There’s an answer using np.where to find the indices of a single value, which is not faster than a list-comprehension, if the time to convert a list to an array is included The overhead of importing numpy and converting a list to a numpy.array probably makes using numpy a less efficient option for most circumstances. A careful timing analysis would be necessary. In cases where multiple functions/operations will need to be performed on the list, converting the list to an array, and then using numpy functions will likely be a faster option. This solution uses np.where and np.unique to find the indices of all unique elements in a list. Using np.where on an array (including the time to convert the list to an array) is slightly slower than a list-comprehension on a list, for finding all indices of all unique elements. This has been tested on an 2M element list with 4 unique values, and the size of the list/array and number of unique elements will have an impact. Other solutions using numpy on an array can be found in Get a list of all indices of repeated elements in a numpy array Tested in [python 3.10.4, numpy 1.23.1] and [python 3.11.0, numpy 1.23.4]

import numpy as np
import random  # to create test list

# create sample list
random.seed(365)
l = [random.choice(['s1', 's2', 's3', 's4']) for _ in range(20)]

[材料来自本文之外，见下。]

(* Let $x=(x_1,\dots,x_n)$ be variables, $f=(f_1,\dots,f_n)$ differential-free terms such that the ODE $x'=f(x)$ locally evolves $x$ (in every state the value of $f$ is not the zero vector), $P$ and $Q$ semianalytic formulas, and $y=(y_1,\dots,y_n)$ variables fresh in $[x'=f(x)\,\&\,Q]P$. Then the formula $$[x'=f(x)\&Q]P\;\leftrightarrow\;\forall y\,[x'=f(x)\,\&\,Q\wedge(P\vee x=y)]\Big(x=y\rightarrow P\wedge\big(\langle x'=f(x)\&Q\vee x=y\rangle x\neq y\rightarrow\langle x'=f(x)\&P\vee x=y\rangle x\neq y\big)\Big)$$ is valid.
   Context: Variables are real-valued; each variable $x$ has a differential variable $x'$. A state is a map from variables to $\mathbb{R}$. Terms are built from variables, rational constants, $+$, $\cdot$ and finitely many fixed function symbols interpreted as $C^\infty$ functions $\mathbb{R}^k\to\mathbb{R}$, evaluated as usual; differential-free terms contain no differential variables. Semianalytic formulas are built from comparisons $e\sim\tilde e$ ($\sim\in\{=,\ge,>\}$) of differential-free terms by $\wedge,\vee,\neg$. For vectors, $x=y$ abbreviates $\bigwedge_i x_i=y_i$, $x\neq y$ its negation, and $\forall y$ quantifies all $y_i$. Semantics of ODEs: $(\omega,\nu)\in[\![x'=f(x)\&R]\!]$ iff there are $T\ge0$ and $\varphi:[0,T]\to$ states with $\varphi(0)=\omega$ on all variables except $x'$, $\varphi(T)=\nu$, and for all $\zeta\in[0,T]$: $\varphi(\zeta)$ satisfies $x'=f(x)\wedge R$, $\varphi(\zeta)$ agrees with $\varphi(0)$ on variables other than $x,x'$, and, if $T>0$, $t\mapsto\varphi(t)(x)$ is differentiable at $\zeta$ with derivative $\varphi(\zeta)(x')$. $\omega\models[\alpha]\phi$ iff $\nu\models\phi$ for all $\nu$ with $(\omega,\nu)\in[\![\alpha]\!]$; $\omega\models\langle\alpha\rangle\phi$ iff $\nu\models\phi$ for some such $\nu$. A formula is valid if true in all states. *)

theory Defs
  imports Complex_Main
begin

datatype 'v var = Plain 'v | Diff 'v

type_synonym 'v state = "'v var \<Rightarrow> real"

datatype ('v, 'f) trm =
    Var 'v
  | DVar 'v
  | Const rat
  | Plus "('v, 'f) trm" "('v, 'f) trm"
  | Times "('v, 'f) trm" "('v, 'f) trm"
  | Fn 'f "('v, 'f) trm list"

fun teval :: "('f \<Rightarrow> real list \<Rightarrow> real) \<Rightarrow> ('v, 'f) trm \<Rightarrow> 'v state \<Rightarrow> real" where
  "teval I (Var v) \<omega> = \<omega> (Plain v)"
| "teval I (DVar v) \<omega> = \<omega> (Diff v)"
| "teval I (Const c) \<omega> = of_rat c"
| "teval I (Plus a b) \<omega> = teval I a \<omega> + teval I b \<omega>"
| "teval I (Times a b) \<omega> = teval I a \<omega> * teval I b \<omega>"
| "teval I (Fn g as) \<omega> = I g (map (\<lambda>a. teval I a \<omega>) as)"

fun dfree :: "('v, 'f) trm \<Rightarrow> bool" where
  "dfree (DVar v) = False"
| "dfree (Plus a b) = (dfree a \<and> dfree b)"
| "dfree (Times a b) = (dfree a \<and> dfree b)"
| "dfree (Fn g as) = (\<forall>a\<in>set as. dfree a)"
| "dfree _ = True"

fun twf :: "('f \<Rightarrow> nat) \<Rightarrow> ('v, 'f) trm \<Rightarrow> bool" where
  "twf ar (Plus a b) = (twf ar a \<and> twf ar b)"
| "twf ar (Times a b) = (twf ar a \<and> twf ar b)"
| "twf ar (Fn g as) = (length as = ar g \<and> (\<forall>a\<in>set as. twf ar a))"
| "twf ar _ = True"

fun tvars :: "('v, 'f) trm \<Rightarrow> 'v var set" where
  "tvars (Var v) = {Plain v}"
| "tvars (DVar v) = {Diff v}"
| "tvars (Const c) = {}"
| "tvars (Plus a b) = tvars a \<union> tvars b"
| "tvars (Times a b) = tvars a \<union> tvars b"
| "tvars (Fn g as) = \<Union> (tvars ` set as)"

definition partial_l :: "nat \<Rightarrow> (real list \<Rightarrow> real) \<Rightarrow> real list \<Rightarrow> real" where
  "partial_l i g = (\<lambda>xs. THE D. ((\<lambda>t. g (xs[i := t])) has_real_derivative D) (at (xs ! i)))"

fun partials_l :: "nat list \<Rightarrow> (real list \<Rightarrow> real) \<Rightarrow> real list \<Rightarrow> real" where
  "partials_l [] g = g"
| "partials_l (i # is) g = partial_l i (partials_l is g)"

definition lcont :: "nat \<Rightarrow> (real list \<Rightarrow> real) \<Rightarrow> real list \<Rightarrow> bool" where
  "lcont k h xs \<longleftrightarrow>
     (\<forall>X. (\<forall>m. length (X m) = k) \<longrightarrow> (\<forall>i<k. (\<lambda>m. X m ! i) \<longlonglongrightarrow> xs ! i)
          \<longrightarrow> (\<lambda>m. h (X m)) \<longlonglongrightarrow> h xs)"

definition smooth_fn :: "nat \<Rightarrow> (real list \<Rightarrow> real) \<Rightarrow> bool" where
  "smooth_fn k g \<longleftrightarrow>
     (\<forall>is. set is \<subseteq> {..<k} \<longrightarrow>
        (\<forall>xs. length xs = k \<longrightarrow>
           lcont k (partials_l is g) xs \<and>
           (\<forall>i<k. (\<lambda>t. partials_l is g (xs[i := t])) differentiable (at (xs ! i)))))"

datatype cmp = Eq | Geq | Gt

fun cmp_sem :: "cmp \<Rightarrow> real \<Rightarrow> real \<Rightarrow> bool" where
  "cmp_sem Eq a b = (a = b)"
| "cmp_sem Geq a b = (a \<ge> b)"
| "cmp_sem Gt a b = (a > b)"

text \<open>Box xs fs R P is [x'=f(x) & R]P with x = xs, f = fs; similarly Dia.\<close>
datatype ('v, 'f) fml =
    Cmp "('v, 'f) trm" cmp "('v, 'f) trm"
  | Not "('v, 'f) fml"
  | And "('v, 'f) fml" "('v, 'f) fml"
  | Or "('v, 'f) fml" "('v, 'f) fml"
  | Forall 'v "('v, 'f) fml"
  | Box "'v list" "('v, 'f) trm list" "('v, 'f) fml" "('v, 'f) fml"
  | Dia "'v list" "('v, 'f) trm list" "('v, 'f) fml" "('v, 'f) fml"

definition Imp :: "('v, 'f) fml \<Rightarrow> ('v, 'f) fml \<Rightarrow> ('v, 'f) fml" where
  "Imp a b = Or (Not a) b"

definition Iff :: "('v, 'f) fml \<Rightarrow> ('v, 'f) fml \<Rightarrow> ('v, 'f) fml" where
  "Iff a b = And (Imp a b) (Imp b a)"

fun ForallV :: "'v list \<Rightarrow> ('v, 'f) fml \<Rightarrow> ('v, 'f) fml" where
  "ForallV [] p = p"
| "ForallV (y # ys) p = Forall y (ForallV ys p)"

fun EqV :: "'v list \<Rightarrow> 'v list \<Rightarrow> ('v, 'f) fml" where
  "EqV [x] [y] = Cmp (Var x) Eq (Var y)"
| "EqV (x # xs) (y # ys) = And (Cmp (Var x) Eq (Var y)) (EqV xs ys)"
| "EqV _ _ = Cmp (Const 0) Eq (Const 0)"

definition NeqV :: "'v list \<Rightarrow> 'v list \<Rightarrow> ('v, 'f) fml" where
  "NeqV xs ys = Not (EqV xs ys)"

definition ode_rel :: "('f \<Rightarrow> real list \<Rightarrow> real) \<Rightarrow> 'v list \<Rightarrow> ('v, 'f) trm list
    \<Rightarrow> ('v state \<Rightarrow> bool) \<Rightarrow> 'v state \<Rightarrow> 'v state \<Rightarrow> bool" where
  "ode_rel I xs fs Rs \<omega> \<nu> \<longleftrightarrow>
     (\<exists>T::real. T \<ge> 0 \<and> (\<exists>\<phi> :: real \<Rightarrow> 'v state.
        (\<forall>z. z \<notin> Diff ` set xs \<longrightarrow> \<phi> 0 z = \<omega> z) \<and>
        \<phi> T = \<nu> \<and>
        (\<forall>\<zeta>\<in>{0..T}.
           (\<forall>i<length xs. \<phi> \<zeta> (Diff (xs ! i)) = teval I (fs ! i) (\<phi> \<zeta>)) \<and>
           Rs (\<phi> \<zeta>) \<and>
           (\<forall>z. z \<notin> Plain ` set xs \<union> Diff ` set xs \<longrightarrow> \<phi> \<zeta> z = \<phi> 0 z) \<and>
           (T > 0 \<longrightarrow> (\<forall>i<length xs.
              ((\<lambda>t. \<phi> t (Plain (xs ! i))) has_real_derivative \<phi> \<zeta> (Diff (xs ! i)))
                (at \<zeta> within {0..T}))))))"

fun sem :: "('f \<Rightarrow> real list \<Rightarrow> real) \<Rightarrow> ('v, 'f) fml \<Rightarrow> 'v state \<Rightarrow> bool" where
  "sem I (Cmp a c b) \<omega> = cmp_sem c (teval I a \<omega>) (teval I b \<omega>)"
| "sem I (Not p) \<omega> = (\<not> sem I p \<omega>)"
| "sem I (And p q) \<omega> = (sem I p \<omega> \<and> sem I q \<omega>)"
| "sem I (Or p q) \<omega> = (sem I p \<omega> \<or> sem I q \<omega>)"
| "sem I (Forall y p) \<omega> = (\<forall>r. sem I p (\<omega>(Plain y := r)))"
| "sem I (Box xs fs R p) \<omega> = (\<forall>\<nu>. ode_rel I xs fs (sem I R) \<omega> \<nu> \<longrightarrow> sem I p \<nu>)"
| "sem I (Dia xs fs R p) \<omega> = (\<exists>\<nu>. ode_rel I xs fs (sem I R) \<omega> \<nu> \<and> sem I p \<nu>)"

definition valid :: "('f \<Rightarrow> real list \<Rightarrow> real) \<Rightarrow> ('v, 'f) fml \<Rightarrow> bool" where
  "valid I p \<longleftrightarrow> (\<forall>\<omega>. sem I p \<omega>)"

fun semianalytic :: "('v, 'f) fml \<Rightarrow> bool" where
  "semianalytic (Cmp a c b) = (dfree a \<and> dfree b)"
| "semianalytic (Not p) = semianalytic p"
| "semianalytic (And p q) = (semianalytic p \<and> semianalytic q)"
| "semianalytic (Or p q) = (semianalytic p \<and> semianalytic q)"
| "semianalytic _ = False"

fun fwf :: "('f \<Rightarrow> nat) \<Rightarrow> ('v, 'f) fml \<Rightarrow> bool" where
  "fwf ar (Cmp a c b) = (twf ar a \<and> twf ar b)"
| "fwf ar (Not p) = fwf ar p"
| "fwf ar (And p q) = (fwf ar p \<and> fwf ar q)"
| "fwf ar (Or p q) = (fwf ar p \<and> fwf ar q)"
| "fwf ar (Forall y p) = fwf ar p"
| "fwf ar (Box xs fs R p) = ((\<forall>f\<in>set fs. twf ar f) \<and> fwf ar R \<and> fwf ar p)"
| "fwf ar (Dia xs fs R p) = ((\<forall>f\<in>set fs. twf ar f) \<and> fwf ar R \<and> fwf ar p)"

fun fvars :: "('v, 'f) fml \<Rightarrow> 'v var set" where
  "fvars (Cmp a c b) = tvars a \<union> tvars b"
| "fvars (Not p) = fvars p"
| "fvars (And p q) = fvars p \<union> fvars q"
| "fvars (Or p q) = fvars p \<union> fvars q"
| "fvars (Forall y p) = insert (Plain y) (fvars p)"
| "fvars (Box xs fs R p) = Plain ` set xs \<union> Diff ` set xs \<union> \<Union> (tvars ` set fs) \<union> fvars R \<union> fvars p"
| "fvars (Dia xs fs R p) = Plain ` set xs \<union> Diff ` set xs \<union> \<Union> (tvars ` set fs) \<union> fvars R \<union> fvars p"
theorem mainTheorem14:
  fixes n q :: nat
  assumes "n \<ge> 3"
    and "\<exists>m::nat. n + 1 = m ^ 2"
    and "prime q" and "q \<le> n"
    and "3 * q > 2 * n"
    and "q mod 4 = 3"
  shows "\<not> (\<exists>p :: int poly. p dvd R_nn n \<and> q \<le> degree p \<and> degree p \<le> n)"
proof
  assume "\<exists>p :: int poly. p dvd R_nn n \<and> q \<le> degree p \<and> degree p \<le> n"
  then obtain P Q where PQ: "R_nn n = P * Q" and deg_P: "q \<le> degree P" "degree P \<le> n"
    by (auto elim: dvdE)
  obtain s where "n + 1 = s ^ 2"
    using assms(2) by blast
  then have "newton_edge_irreducible (int q) q (P * Q)"
    using R_nn_newton_edge_irreducible[OF assms(3,6,4)] assms(5) PQ by simp
  then have "2 * q \<le> degree P \<or> degree P + 2 * q \<le> degree (P * Q)"
    using assms(3) prime_gt_0_nat by (intro newton_edge_irreducible_factor_degree) auto
  moreover have "degree (P * Q) \<le> 2 * n"
    using degree_R_nn_le[of n] PQ by simp
  ultimately show False
    using deg_P assms(5) by linarith
qed

end
definition dsum_copair ::
    "('n, 'r, 'c) rmod_scheme \<Rightarrow> ('m, 'r, 'b) rmod_scheme \<Rightarrow> nat \<Rightarrow>
     ((nat \<Rightarrow> 'm) \<Rightarrow> 'n) \<Rightarrow> ((nat \<Rightarrow> 'm) \<Rightarrow> 'n) \<Rightarrow> (nat \<Rightarrow> 'm) \<Rightarrow> 'n" where
  "dsum_copair Y M a f g = (\<lambda>x. madd Y (f (dsum_take M a x)) (g (dsum_drop a x)))"

lemma rhom_dsum_copair:
  assumes "right_module R Y" "rhom R (dsum M a) Y f" "rhom R (dsum M b) Y g"
  shows "rhom R (dsum M (a + b)) Y (dsum_copair Y M a f g)"
  unfolding dsum_copair_def
  by (rule rhom_add_fun[OF assms(1) rhom_comp[OF rhom_dsum_take assms(2)] rhom_comp[OF rhom_dsum_drop assms(3)]])

lemma dsum_copair_join [simp]:
  "u \<in> mcar (dsum M a) \<Longrightarrow> dsum_copair Y M a f g (dsum_join a u v) = madd Y (f u) (g v)"
  by (simp add: dsum_copair_def)

lemma dsum_copair_image:
   "dsum_copair Y M a f g ` mcar (dsum M (a + b)) = msum Y (f ` mcar (dsum M a)) (g ` mcar (dsum M b))"
proof
  show "dsum_copair Y M a f g ` mcar (dsum M (a + b)) \<subseteq> msum Y (f ` mcar (dsum M a)) (g ` mcar (dsum M b))"
    unfolding dsum_copair_def msum_def using dsum_take_closed dsum_drop_closed by blast
  show "msum Y (f ` mcar (dsum M a)) (g ` mcar (dsum M b)) \<subseteq> dsum_copair Y M a f g ` mcar (dsum M (a + b))"
    unfolding msum_def using dsum_join_closed dsum_copair_join by (smt (verit) image_iff mem_Collect_eq subsetI)
qed

lemma fin_M_generated_submod_iff:
  assumes "K \<subseteq> mcar X"
  shows "fin_M_generated R M (submod X K) \<longleftrightarrow>
    (\<exists>n>0. \<exists>\<theta>. rhom R (dsum M n) X \<theta> \<and> \<theta> ` mcar (dsum M n) = K)"
  using repi_submod_iff[OF assms] unfolding fin_M_generated_def by blast

lemma fin_M_presented_iff_kernel:
  "fin_M_presented R M N \<longleftrightarrow>
     (\<exists>n>0. \<exists>\<alpha>. repi R (dsum M n) N \<alpha> \<and> fin_M_generated R M (submod (dsum M n) (rkernel (dsum M n) N \<alpha>)))"
  unfolding fin_M_presented_def
  by (subst fin_M_generated_submod_iff) (auto simp: rkernel_def)

lemma fin_M_generated_dsum: "n > 0 \<Longrightarrow> fin_M_generated R M (submod (dsum M n) (mcar (dsum M n)))"
  unfolding fin_M_generated_submod_iff[OF order_refl] using rhom_id by blast

lemma fin_M_generated_image:
  assumes "fin_M_generated R M (submod X K)" "K \<subseteq> mcar X" "rhom R X Y f"
  shows "fin_M_generated R M (submod Y (f ` K))"
proof -
  obtain n \<theta> where n: "n > 0" and \<theta>: "rhom R (dsum M n) X \<theta>" "\<theta> ` mcar (dsum M n) = K"
    using assms(1) unfolding fin_M_generated_submod_iff[OF assms(2)] by blast
  have "f ` K \<subseteq> mcar Y" using assms(2) rhom_closed[OF assms(3)] by blast
  moreover have "(\<lambda>x. f (\<theta> x)) ` mcar (dsum M n) = f ` K" unfolding \<theta>(2)[symmetric] by (rule image_image[symmetric])
  ultimately show ?thesis
    unfolding fin_M_generated_submod_iff[OF \<open>f ` K \<subseteq> mcar Y\<close>]
    using n rhom_comp[OF \<theta>(1) assms(3)] by blast
qed

lemma fin_M_generated_msum:
  assumes "right_module R Y" "K \<subseteq> mcar Y" "L \<subseteq> mcar Y"
    and "fin_M_generated R M (submod Y K)" "fin_M_generated R M (submod Y L)"
  shows "fin_M_generated R M (submod Y (msum Y K L))"
proof -
  obtain a f where a: "a > 0" "rhom R (dsum M a) Y f" "f ` mcar (dsum M a) = K"
    using assms(4) unfolding fin_M_generated_submod_iff[OF assms(2)] by blast
  obtain b g where b: "b > 0" "rhom R (dsum M b) Y g" "g ` mcar (dsum M b) = L"
    using assms(5) unfolding fin_M_generated_submod_iff[OF assms(3)] by blast
  have sub: "msum Y K L \<subseteq> mcar Y"
    using assms(2,3) rmodule.add_closed[OF rmodule.intro[OF assms(1)]] unfolding msum_def by blast
  have "dsum_copair Y M a f g ` mcar (dsum M (a + b)) = msum Y K L"
    using dsum_copair_image a(3) b(3) by metis
  then show ?thesis
    unfolding fin_M_generated_submod_iff[OF sub]
    using a(1) rhom_dsum_copair[OF assms(1) a(2) b(2)] by blast
qed

section \<open>Lifting along epimorphisms\<close>

definition dsum_glue :: "('n, 'r, 'c) rmod_scheme \<Rightarrow> nat \<Rightarrow> (nat \<Rightarrow> 'm \<Rightarrow> 'n) \<Rightarrow> (nat \<Rightarrow> 'm) \<Rightarrow> 'n" where
  "dsum_glue Y k G x = msum_below Y k (\<lambda>i. G i (x i))"

lemma rhom_dsum_glue:
  assumes "right_module R Y" "\<And>i. i < k \<Longrightarrow> rhom R M Y (G i)"
  shows "rhom R (dsum M k) Y (dsum_glue Y k G)"
  unfolding rhom_def
proof (intro conjI ballI)
  interpret rmodule R Y by (rule rmodule.intro) fact
  have c: "x \<in> mcar (dsum M k) \<Longrightarrow> i < k \<Longrightarrow> G i (x i) \<in> mcar Y" for x i
    using rhom_closed[OF assms(2)] dsum_component by blast
  {
    fix x assume "x \<in> mcar (dsum M k)"
    then show "dsum_glue Y k G x \<in> mcar Y" unfolding dsum_glue_def using c by simp
  next
    fix x y assume x: "x \<in> mcar (dsum M k)" and y: "y \<in> mcar (dsum M k)"
    have "dsum_glue Y k G (madd (dsum M k) x y) = msum_below Y k (\<lambda>i. madd Y (G i (x i)) (G i (y i)))"
      unfolding dsum_glue_def using x y dsum_component
      by (intro msum_below_cong) (simp add: dsum_def rhom_add[OF assms(2)])
    then show "dsum_glue Y k G (madd (dsum M k) x y) = madd Y (dsum_glue Y k G x) (dsum_glue Y k G y)"
      unfolding dsum_glue_def using x y c by (simp add: msum_below_add)
  next
    fix x r assume x: "x \<in> mcar (dsum M k)" and r: "r \<in> carrier R"
    have "dsum_glue Y k G (mact (dsum M k) x r) = msum_below Y k (\<lambda>i. mact Y (G i (x i)) r)"
      unfolding dsum_glue_def using x r dsum_component
      by (intro msum_below_cong) (simp add: dsum_def rhom_act[OF assms(2)])
    then show "dsum_glue Y k G (mact (dsum M k) x r) = mact Y (dsum_glue Y k G x) r"
      unfolding dsum_glue_def using x r c by (simp add: msum_below_act)
  }
qed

# convert the list to an array for use with these numpy methods
a = np.array(l)

# create a dict of each unique entry and the associated indices
idx = {v: np.where(a == v)[0].tolist() for v in np.unique(a)}

# print(idx)
{'s1': [7, 9, 10, 11, 17],
 's2': [1, 3, 6, 8, 14, 18, 19],
 's3': [0, 2, 13, 16],
 's4': [4, 5, 12, 15]}

%timeit在2M元素列表中，有4个唯一的str元素

# create 2M element list
random.seed(365)
l = [random.choice(['s1', 's2', 's3', 's4']) for _ in range(2000000)]

功能

def test1():
    # np.where: convert list to array and find indices of a single element
    a = np.array(l)
    return np.where(a == 's1')
    

def test2():
    # list-comprehension: on list l and find indices of a single element
    return [i for i, x in enumerate(l) if x == "s1"]


def test3():
    # filter: on list l and find indices of a single element
    return list(filter(lambda i: l[i]=="s1", range(len(l))))


def test4():
    # use np.where and np.unique to find indices of all unique elements: convert list to array
    a = np.array(l)
    return {v: np.where(a == v)[0].tolist() for v in np.unique(a)}


def test5():
    # list comprehension inside dict comprehension: on list l and find indices of all unique elements
    return {req_word: [idx for idx, word in enumerate(l) if word == req_word] for req_word in set(l)}

函数调用

%timeit test1()
%timeit test2()
%timeit test3()
%timeit test4()
%timeit test5()

python 3.10.4

214 ms ± 19.9 ms per loop (mean ± std. dev. of 7 runs, 1 loop each)
85.1 ms ± 1.48 ms per loop (mean ± std. dev. of 7 runs, 10 loops each)
146 ms ± 1.65 ms per loop (mean ± std. dev. of 7 runs, 10 loops each)
365 ms ± 11.4 ms per loop (mean ± std. dev. of 7 runs, 1 loop each)
360 ms ± 5.82 ms per loop (mean ± std. dev. of 7 runs, 1 loop each)

结果python 3.11.0

209 ms ± 15.7 ms per loop (mean ± std. dev. of 7 runs, 1 loop each)
70.4 ms ± 1.86 ms per loop (mean ± std. dev. of 7 runs, 10 loops each)
132 ms ± 4.65 ms per loop (mean ± std. dev. of 7 runs, 10 loops each)
371 ms ± 20.1 ms per loop (mean ± std. dev. of 7 runs, 1 loop each)
314 ms ± 15.9 ms per loop (mean ± std. dev. of 7 runs, 1 loop each)

使用list.index的解决方案:

def indices(lst, element):
    result = []
    offset = -1
    while True:
        try:
            offset = lst.index(element, offset+1)
        except ValueError:
            return result
        result.append(offset)

对于大型列表，它比使用enumerate的列表理解要快得多。如果已经有数组，它也比numpy解决方案慢得多，否则转换的成本超过了速度增益(在包含100、1000和10000个元素的整数列表上进行测试)。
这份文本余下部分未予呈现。